Un Año Jubilar en tiempo de pandemia
Fidel Herráez Vegas (Administrador apostólico de la diócesis)
Ayer inaugurábamos de modo solemne el Año Jubilar en nuestra Iglesia diocesana, en el marco del VIII Centenario de nuestra Catedral. Es un año santo, un auténtico Año de Gracia al que nos convoca el Señor. Por ello me ha parecido oportuno insistir hoy y el domingo próximo, en este acontecimiento tan importante para el presente y el futuro de nuestra diócesis, recogiendo algunas ideas de la Carta Pastoral que con este motivo he dirigido a toda la comunidad diocesana.
Tanto la celebración de ayer, como el recorrido inmediato del Año Jubilar, vienen marcados por la situación de pandemia que, con todas sus secuelas, nos envuelve y nos angustia desde hace varios meses.
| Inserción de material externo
lemma smooth_upto_linear: "bounded_linear f \<Longrightarrow> smooth_upto U n f"
proof (cases n)
  case (Suc m)
  assume "bounded_linear f"
  moreover have "pd e f = (\<lambda>x. f e)" if "bounded_linear f" for e
    using pd_linear[OF that] by blast
  ultimately show ?thesis
    using Suc smooth_upto_const
    by (auto simp: smooth_upto_Suc smooth_upto_0 intro: bounded_linear_imp_differentiable)
qed (auto simp: smooth_upto_0 intro: bounded_linear_imp_differentiable)

lemma smooth_upto_Suc_intro:
  assumes "open U" "smooth_upto U 0 g"
    and "\<And>e. e \<in> coord_dirs \<Longrightarrow> \<forall>x\<in>U. d e x = pd e g x"
    and "\<And>e. e \<in> coord_dirs \<Longrightarrow> smooth_upto U n (d e)"
  shows "smooth_upto U (Suc n) g"
  using assms(2) smooth_upto_transform_open[OF assms(1) assms(3,4)] by (simp add: smooth_upto_Suc)

lemma smooth_upto_add:
  "open U \<Longrightarrow> smooth_upto U n f \<Longrightarrow> smooth_upto U n g \<Longrightarrow> smooth_upto U n (\<lambda>x. f x + g x)"
proof (induction n arbitrary: f g)
  case 0
  then show ?case by (simp add: smooth_upto_0 differentiable_add)
next
  case (Suc n)
  have df: "\<forall>x\<in>U. f differentiable (at x)" "\<forall>x\<in>U. g differentiable (at x)"
    using Suc.prems smooth_upto_differentiable by blast+
  show ?case
  proof (rule smooth_upto_Suc_intro[where d = "\<lambda>e x. pd e f x + pd e g x"])
    show "smooth_upto U 0 (\<lambda>x. f x + g x)" using df by (simp add: smooth_upto_0 differentiable_add)
    fix e assume "e \<in> coord_dirs"
    then show "smooth_upto U n (\<lambda>x. pd e f x + pd e g x)"
      using Suc.IH[OF Suc.prems(1)] Suc.prems(2,3) by (simp add: smooth_upto_Suc)
    show "\<forall>x\<in>U. pd e f x + pd e g x = pd e (\<lambda>x. f x + g x) x" using df by (simp add: pd_add)
  qed (rule Suc.prems)
qed

lemma smooth_upto_mult:
  "open U \<Longrightarrow> smooth_upto U n f \<Longrightarrow> smooth_upto U n g \<Longrightarrow> smooth_upto U n (\<lambda>x. f x * g x)"
proof (induction n arbitrary: f g)
  case 0
  then show ?case by (simp add: smooth_upto_0 differentiable_mult)
next
  case (Suc n)
  have df: "\<forall>x\<in>U. f differentiable (at x)" "\<forall>x\<in>U. g differentiable (at x)"
    using Suc.prems smooth_upto_differentiable by blast+
  have fg: "smooth_upto U n f" "smooth_upto U n g"
    using Suc.prems smooth_upto_mono[of U "Suc n" _ n] by auto
  show ?case
  proof (rule smooth_upto_Suc_intro[where d = "\<lambda>e x. f x * pd e g x + pd e f x * g x"])
    show "smooth_upto U 0 (\<lambda>x. f x * g x)" using df by (simp add: smooth_upto_0 differentiable_mult)
    fix e assume "e \<in> coord_dirs"
    then show "smooth_upto U n (\<lambda>x. f x * pd e g x + pd e f x * g x)"
      using Suc.IH Suc.prems fg by (intro smooth_upto_add) (simp_all add: smooth_upto_Suc)
    show "\<forall>x\<in>U. f x * pd e g x + pd e f x * g x = pd e (\<lambda>x. f x * g x) x"
      using df by (simp add: pd_mult)
  qed (rule Suc.prems)
qed

lemma smooth_upto_cnj:
  "open U \<Longrightarrow> smooth_upto U n f \<Longrightarrow> smooth_upto U n (\<lambda>x. cnj (f x))"
proof (induction n arbitrary: f)
  case 0
  then show ?case by (simp add: smooth_upto_0 differentiable_cnj_iff)
next
  case (Suc n)
  have df: "\<forall>x\<in>U. f differentiable (at x)"
    using Suc.prems smooth_upto_differentiable by blast
  show ?case
  proof (rule smooth_upto_Suc_intro[where d = "\<lambda>e x. cnj (pd e f x)"])
    show "smooth_upto U 0 (\<lambda>x. cnj (f x))" using df by (simp add: smooth_upto_0 differentiable_cnj_iff)
    fix e assume "e \<in> coord_dirs"
    then show "smooth_upto U n (\<lambda>x. cnj (pd e f x))"
      using Suc.IH[OF Suc.prems(1)] Suc.prems(2) by (simp add: smooth_upto_Suc)
    show "\<forall>x\<in>U. cnj (pd e f x) = pd e (\<lambda>x. cnj (f x)) x" using df by (simp add: pd_cnj)
  qed (rule Suc.prems)
qed

lemma smooth_upto_inverse:
  "open U \<Longrightarrow> smooth_upto U n f \<Longrightarrow> \<forall>x\<in>U. f x \<noteq> 0 \<Longrightarrow> smooth_upto U n (\<lambda>x. inverse (f x))"
proof (induction n)
  case 0
  then show ?case by (simp add: smooth_upto_0 differentiable_inverse)
next
  case (Suc n)
  have df: "\<forall>x\<in>U. f differentiable (at x)"
    using Suc.prems smooth_upto_differentiable by blast
  have ih: "smooth_upto U n (\<lambda>x. inverse (f x))"
    using Suc smooth_upto_mono[of U "Suc n" f n] by auto
  show ?case
  proof (rule smooth_upto_Suc_intro[where d = "\<lambda>e x. - 1 * (pd e f x * (inverse (f x) * inverse (f x)))"])
    show "smooth_upto U 0 (\<lambda>x. inverse (f x))"
      using df Suc.prems(3) by (simp add: smooth_upto_0 differentiable_inverse)
    fix e assume "e \<in> coord_dirs"
    then show "smooth_upto U n (\<lambda>x. - 1 * (pd e f x * (inverse (f x) * inverse (f x))))"
      using Suc.prems ih by (intro smooth_upto_mult smooth_upto_const) (simp_all add: smooth_upto_Suc)
    show "\<forall>x\<in>U. - 1 * (pd e f x * (inverse (f x) * inverse (f x))) = pd e (\<lambda>x. inverse (f x)) x"
      using df Suc.prems(3) by (simp add: pd_inverse power2_eq_square divide_inverse)
  qed (rule Suc.prems)
qed

lemma smooth_on_transform_open: "open U \<Longrightarrow> \<forall>x\<in>U. f x = g x \<Longrightarrow> smooth_on U f \<Longrightarrow> smooth_on U g"
  unfolding smooth_on_iff_smooth_upto using smooth_upto_transform_open by blast

lemma smooth_on_const: "smooth_on U (\<lambda>x. c)"
  unfolding smooth_on_iff_smooth_upto using smooth_upto_const by blast

lemma smooth_on_linear: "bounded_linear f \<Longrightarrow> smooth_on U f"
  unfolding smooth_on_iff_smooth_upto using smooth_upto_linear by blast

lemma smooth_on_add: "open U \<Longrightarrow> smooth_on U f \<Longrightarrow> smooth_on U g \<Longrightarrow> smooth_on U (\<lambda>x. f x + g x)"
  unfolding smooth_on_iff_smooth_upto using smooth_upto_add by blast

lemma smooth_on_mult: "open U \<Longrightarrow> smooth_on U f \<Longrightarrow> smooth_on U g \<Longrightarrow> smooth_on U (\<lambda>x. f x * g x)"
  unfolding smooth_on_iff_smooth_upto using smooth_upto_mult by blast

lemma smooth_on_cnj: "open U \<Longrightarrow> smooth_on U f \<Longrightarrow> smooth_on U (\<lambda>x. cnj (f x))"
  unfolding smooth_on_iff_smooth_upto using smooth_upto_cnj by blast

lemma smooth_on_inverse:
  "open U \<Longrightarrow> smooth_on U f \<Longrightarrow> \<forall>x\<in>U. f x \<noteq> 0 \<Longrightarrow> smooth_on U (\<lambda>x. inverse (f x))"
  unfolding smooth_on_iff_smooth_upto using smooth_upto_inverse by blast

lemma smooth_on_differentiable: "smooth_on U f \<Longrightarrow> p \<in> U \<Longrightarrow> f differentiable (at p)"
  unfolding smooth_on_iff_smooth_upto using smooth_upto_differentiable by blast

lemma smooth_on_pd: "smooth_on U f \<Longrightarrow> e \<in> coord_dirs \<Longrightarrow> smooth_on U (pd e f)"
  unfolding smooth_on_iff_smooth_upto using smooth_upto_Suc by blast

lemma smooth_on_minus: assumes "open U" "smooth_on U f" shows "smooth_on U (\<lambda>x. - f x)"
  using smooth_on_mult[OF assms(1) smooth_on_const assms(2), of "- 1"] by simp

lemma smooth_on_diff:
  assumes "open U" "smooth_on U f" "smooth_on U g" shows "smooth_on U (\<lambda>x. f x - g x)"
  using smooth_on_add[OF assms(1,2) smooth_on_minus[OF assms(1,3)]] by simp

lemma smooth_on_divide:
  assumes "open U" "smooth_on U f" "smooth_on U g" "\<forall>x\<in>U. g x \<noteq> 0"
  shows "smooth_on U (\<lambda>x. f x / g x)"
  using smooth_on_mult[OF assms(1,2) smooth_on_inverse[OF assms(1,3,4)]] by (simp add: divide_inverse)

lemma smooth_on_cj: "open U \<Longrightarrow> smooth_on U f \<Longrightarrow> smooth_on U (cj f)"
  using smooth_on_cnj by (simp add: cj_def[abs_def])

lemma pd_commute:
  "open U \<Longrightarrow> smooth_on U f \<Longrightarrow> p \<in> U \<Longrightarrow> a \<in> coord_dirs \<Longrightarrow> b \<in> coord_dirs \<Longrightarrow>
    pd b (pd a f) p = pd a (pd b f) p"
  unfolding pd_def[abs_def]
  by (rule directional_derivatives_commute[of U])
    (auto intro: smooth_on_differentiable smooth_on_pd[unfolded pd_def[abs_def]])

definition coord_dir :: "nat \<Rightarrow> pt" where
  "coord_dir i = [ex1, ey1, ex2, ey2, ev] ! i"

definition vfield :: "(nat \<Rightarrow> pt \<Rightarrow> complex) \<Rightarrow> (pt \<Rightarrow> complex) \<Rightarrow> pt \<Rightarrow> complex" where
  "vfield a h p = (\<Sum>i<5. a i p * pd (coord_dir i) h p)"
La alegría jubilar parece que queda empañada por los miedos y el sufrimiento que tan profundamente atraviesan nuestra sociedad y, en especial, los más vulnerables de entre nosotros.
Pero precisamente por ello, pienso que el Año Jubilar puede convertirse en una luz providencial que nos ilumine para descubrir dónde se encuentra la verdadera raíz de la alegría y de la esperanza que dan aliento a la fe cristiana. Cuando experimentamos tan de cerca la propia fragilidad y debilidad, nuestra mirada de creyentes se dirige al Dios creador y redentor, fuente de la vida y origen de todo bien. Y «si el afligido invoca al Señor, dice el salmo, Él lo escucha» (Sal 33).
Una mirada a la historia, a los orígenes de la práctica jubilar, nos muestra que los años jubilares surgían frecuentemente en situaciones de desgracia y de desventura. Ya en el antiguo Israel la celebración del Año Jubilar surgió de la experiencia de las heridas humanas, a nivel personal y social, porque se había roto el proyecto original de la creación, generando a los pobres, marginados y descartados. Desde la mirada a la cruel realidad, se volvía la mirada al Dios creador y liberador para recrear todas las cosas y recuperar la armonía original que El había regalado a la familia humana. La pasión por Dios se unía a la pasión por los más necesitados y se manifestaba como exigencia de conversión y como experiencia de alegría al descubrir a todos los seres humanos como hermanos en el hogar del Padre común.
La proclamación por Jesús del Evangelio del Reino de Dios en la sinagoga de Nazaret (cf. Lc 4,18-19) es presentada por san Juan Pablo II como un auténtico Jubileo, prototipo de todos los Jubileos que se celebrarían a lo largo de la historia (Tertio Millennio Adveniente 11-12). En la época de Jesús, llena también de incertidumbres y de injusticias en el campo político, social, y religioso, sus palabras resonaron como invitación a acoger la gracia de Dios y la vida plena que se ofrecía a los enfermos, a los prisioneros, a los pobres, a los pecadores… «en el año de gracia del Señor».
Los primeros Jubileos convocados por los Papas a partir del siglo XIV se celebraron también en contextos tormentosos y adversos incluso en medio de las secuelas de la famosa Peste Negra. Fue una práctica solicitada y esperada por el pueblo cristiano, expresión de la piedad popular, como ocasión de purificación y de perdón, para dar origen a una vida nueva. Reflejaban el anhelo de una experiencia espiritual en la que encontraban aliento para la transformación personal y para el fortalecimiento de la esperanza.
También a nosotros, hoy y en tiempo de pandemia, Dios nos regala un Año Santo, un año de bendición. Os animo a vivir con intensidad las actitudes fundamentales de todo Jubileo:
Profundizar en la alabanza y en la acción de gracias al Dios Padre, fuente de todo bien: ello nos ayuda a reconocer como don todo lo que hemos recibido y, en consecuencia, a compartir, a dar.
Hacer memoria ante Dios de nuestra historia personal y comunitaria: así podremos profundizar en el verdadero júbilo. Sentir el gozo de de los dones recibidos, con todas sus posibilidades, ayudará a vencer los intereses particulares y las tendencias egoístas.
Pedir el don de la conversión para restaurar la armonía y la paz, con el reconocimiento de la propia culpa y la sincera disponibilidad para iniciar, con la ayuda de la gracia, un camino nuevo.
Cultivar la dimensión social de la fe, que va más allá de la solidaridad, con los más vulnerables y los excluidos del banquete de la creación, para trabajar y posibilitar que todos vivan como hermanos nuestros y como hijos predilectos del Padre.
Que de Nuestra Señora aprendamos a vivir estas actitudes y a decir de corazón durante este año: «Se alegra mi espíritu en Dios mi Salvador».